Nuestra ingenuidad digital es peligrosa. Frente a la evolución ponemos una sonrisa bobalicona

La quinta plaga bíblica exterminó todo el ganado egipcio. Hay quienes comparan la llegada del 5G con aquella calamidad. Para prevenirse, el faraón norteamericano ha declarado la emergencia nacional y expulsado a la gran marca china de telefonía del reparto de red local. En alianza con Google, el mayor monopolio de la historia, buscan expulsar a Huawei del tablero tecnológico por su gran valor estratégico. Para los españoles, la organización del espacio radioeléctrico es una causa ajena. Persuadidos por los agentes interesados de que todos los desarrollos se hacen por el bien común, permanecemos en la ignorancia. Ahora esperamos la llegada del 5G tumbados en la hamaca, confiados a la magia. El 5G será la próxima gran revolución en las telecomunicaciones. De este nuevo desarrollo dependerá eso que llamamos el Internet de las Cosas o el coche autónomo. Todo lo que apunta hacia una vida más cómoda señala también el horizonte de una vida menos privada. Así funciona este segmento de negocio, un nuevo totalitarismo que se impone no a través de la coerción y el miedo, sino de un modo más sutil, a través de la facilidad en el consumo y el confort doméstico. La velocidad prometida de 10 Gbps de bajada anuncian el 5G como la llave definitiva a la hiperconectividad.

La subasta de frecuencias radioeléctricas celebrada hace días en Alemania ha rebasado en las pujas los 5.000 millones de euros. Según la Agencia Federal de Redes, hasta el momento se han realizado 171 rondas de pujas, todas ellas repartidas entre los cuatro operadores invitados al proceso: Telefónica, Deutsche Telekom, Vodafone y Drillisch. El Gobierno alemán recaudará esos 5.000 millones de euros por la concesión de las bandas y destinará los ingresos, según ha prometido, a mejorar la cobertura nacional y la infraestructura digital en todo el país, con especial atención al desarrollo del conocimiento en escuelas e institutos. En el Reino Unido las autoridades sacaron a subasta las primeras redes de 5G y recaudaron cerca de 1.000 millones de euros. Allí se esperaba una contención de precios para favorecer la competencia, pero la autoridad reguladora tuvo que intervenir para evitar situaciones de monopolio en el mercado y, pese a ello, los precios se fueron por las nubes.

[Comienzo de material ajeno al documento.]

definition mdeg :: "(pvar \<Rightarrow>\<^sub>0 nat) \<Rightarrow> nat" where
  "mdeg m = (\<Sum>x\<in>Poly_Mapping.keys m. Poly_Mapping.lookup m x)"

text \<open>Total degree (0 for the zero polynomial).\<close>
definition tdeg :: "mpoly \<Rightarrow> nat" where
  "tdeg p = Max (insert 0 (mdeg ` Poly_Mapping.keys p))"

text \<open>Degree-s sum-of-squares derivability of p \<ge> 0 from inequality axioms Ineq (q \<ge> 0)
  and equality axioms Eq (e = 0):
  p = sum of terms (sum of squares) * (product of inequality axioms)
      + sum of (arbitrary polynomial) * (equality axiom),
  each term of degree at most s.\<close>
definition sos_derivable :: "mpoly set \<Rightarrow> mpoly set \<Rightarrow> nat \<Rightarrow> mpoly \<Rightarrow> bool" where
  "sos_derivable Ineq Eq s p \<longleftrightarrow>
     (\<exists>(ts :: (mpoly list \<times> mpoly list) list) (es :: (mpoly \<times> mpoly) list).
        (\<forall>(gs, qs) \<in> set ts. set qs \<subseteq> Ineq \<and>
            (\<forall>g \<in> set gs. 2 * tdeg g + sum_list (map tdeg qs) \<le> s)) \<and>
        (\<forall>(h, e) \<in> set es. e \<in> Eq \<and> tdeg h + tdeg e \<le> s) \<and>
        p = (\<Sum>(gs, qs) \<leftarrow> ts. (\<Sum>g \<leftarrow> gs. g ^ 2) * prod_list qs)
            + (\<Sum>(h, e) \<leftarrow> es. h * e))"

abbreviation Zp :: "nat \<Rightarrow> nat \<Rightarrow> nat \<Rightarrow> mpoly" where
  "Zp r i j \<equiv> PVar (Zv r i j)"

abbreviation Vp :: "nat \<Rightarrow> nat \<Rightarrow> mpoly" where
  "Vp r a \<equiv> PVar (Vv r a)"

text \<open>Equality constraints (i), (ii), (iii) (the vector equation (iii) coordinatewise).\<close>
definition B_eq :: "nat \<Rightarrow> nat \<Rightarrow> nat \<Rightarrow> mpoly set" where
  "B_eq n k d =
     {Zp r i j - Zp r i j ^ 2 | r i j. r < n \<and> i < k \<and> j < k}
   \<union> {(\<Sum>i<k. \<Sum>j<k. Zp r i j) - 1 | r. r < n}
   \<union> {Zp r i j * Zp s i j * (Vp r a - Vp s a) | i j r s a.
         i < k \<and> j < k \<and> r < n \<and> s < n \<and> a < d}"

text \<open>Inequality constraint (iv), instantiated at every vector u whose entries are
  polynomials of degree at most 2 (t even, so ||u||^t = (sum u_a^2)^(t/2)).\<close>
definition B_ineq :: "nat \<Rightarrow> nat \<Rightarrow> nat \<Rightarrow> mpoly set" where
  "B_ineq n d t =
     {PConst (2 * (4 * real t) ^ (t div 2)) * (\<Sum>a<d. U a ^ 2) ^ (t div 2)
        - PConst (1 / real n) * (\<Sum>r<n. (\<Sum>a<d. Vp r a * U a) ^ t) | U.
        \<forall>a<d. tdeg (U a) \<le> 2}"

end

theory Submission
  imports Defs
begin

(* Write w_r = z_r^{i,j} and T = sum over r in S of w_r |v_r|^t.  For s in S, multiply axiom (iv)
   at u = v_s by w_s^2.  Modulo the equality constraints, w_r w_s <v_r, v_s>^t equals
   w_r w_s |v_r|^t |v_s|^t (constraint (iii) identifies v_r and v_s wherever w_r w_s = 1),
   and everything else in the expansion of w_s^2 <v_r, v_s>^t is a square; summing over s yields
   the quadratic bound (1/n) T^2 <= 2 (4t)^(t/2) T in degree 2t + 4.  Completing the square turns
   it into the linear bound T / |S| <= (n / |S|) 2 (4t)^(t/2) <= k^c 2 (4t)^(t/2). *)

lemma PConst_0 [simp]: "PConst 0 = 0"
  and PConst_1 [simp]: "PConst 1 = 1"
  and PConst_add: "PConst (a + b) = PConst a + PConst b"
  and PConst_uminus: "PConst (- a) = - PConst a"
  and PConst_diff: "PConst (a - b) = PConst a - PConst b"
  and PConst_mult: "PConst (a * b) = PConst a * PConst b"
  unfolding PConst_def by (simp_all add: single_add single_uminus single_diff mult_single)
theorem lemma4p1:
  fixes M :: "'a measure" and X :: "real \<Rightarrow> 'a \<Rightarrow> real"
    and \<beta> \<alpha> lam :: real and \<psi> :: "real \<Rightarrow> real"
  assumes "prob_space M"
    and "gaussian_process M X" and "centered_process M X"
    and "0 < \<beta>" and "\<beta> < 1"
    and "self_similar M X \<beta>"
    and "H1 (\<lambda>x. integral\<^sup>L M (\<lambda>\<omega>. X 1 \<omega> * X x \<omega>)) \<beta> \<alpha> lam \<psi>"
  shows "\<exists>u1 :: real \<Rightarrow> real. continuous_on {0<..} u1 \<and>
     (\<forall>s>0. integral\<^sup>L M (\<lambda>\<omega>. (X (s + 1) \<omega> - X s \<omega>)^2)
              = 2 * lam * s powr (2 * \<beta> - \<alpha>) * (1 + u1 s)) \<and>
     (\<forall>\<eta>>0. \<exists>C\<eta>>0. \<forall>s\<ge>\<eta>.
        \<bar>u1 s\<bar> \<le> C\<eta> * s powr (- (if \<alpha> < 1 then 1 - \<alpha> else 2 - \<alpha>)))"
proof -
  note H1 = assms(7)
  then have "0 < lam"
    by (simp add: H1_def)
  define u1 where "u1 s = s powr \<alpha> * increment_remainder \<beta> \<psi> (1 / s) / (2 * lam)" for s
  have "continuous_on {0<..} u1"
    unfolding u1_def[abs_def] increment_remainder_def
    by (intro continuous_intros continuous_on_compose2[OF H1_continuous_on[OF H1]])
      (use \<open>0 < lam\<close> in \<open>auto simp: field_simps\<close>)
  moreover have "integral\<^sup>L M (\<lambda>\<omega>. (X (s + 1) \<omega> - X s \<omega>)\<^sup>2) = 2 * lam * s powr (2 * \<beta> - \<alpha>) * (1 + u1 s)"
    if "0 < s" for s
    using H1_increment_second_moment[OF assms(1,2,6,7) that] \<open>0 < lam\<close> that
    by (simp add: u1_def powr_diff field_simps)
  moreover have "\<forall>\<eta>>0. \<exists>C\<eta>>0. \<forall>s\<ge>\<eta>. \<bar>u1 s\<bar> \<le> C\<eta> * s powr (- (if \<alpha> < 1 then 1 - \<alpha> else 2 - \<alpha>))"
    unfolding u1_def using H1_scaled_remainder_bound[OF H1] by blast
  ultimately show ?thesis
    by blast
qed

end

Y ahora llega la pregunta incómoda. ¿Cuánto de todo esto sucede en España con la misma claridad y contundencia económica? La subasta de julio del año pasado alcanzó los cien millones de euros en España y no hay previsiones fiables. Los ciudadanos no están enterados de algo básico, que en el desarrollo tecnológico se expropian terrenos colectivos para cedérselos a intereses económicos muy concretos. El negocio, que es la base del desarrollo, está obligado a compensar a los Estados. Y esa compensación forma parte de nuestra riqueza. La permuta de terrenos físicos de lo público a lo privado nos pilló desinformados y desembocó en la gran corrupción urbanística que aún nos asombra. Sin escarmentar, seguimos pensando que unos santos y esforzados gigantes de las teleco nos ofrecen servicios gratis por cariño. Nuestra ingenuidad digital es peligrosa. Frente a la evolución ponemos una sonrisa bobalicona. La negociación de los caladeros en aguas ajenas y la cuota de mercado para nuestra flota pesquera nos resulta familiar, pero la tierra y el mar que están ahora en subasta son invisibles. Pero del precio contante y sonante depende nuestro futuro.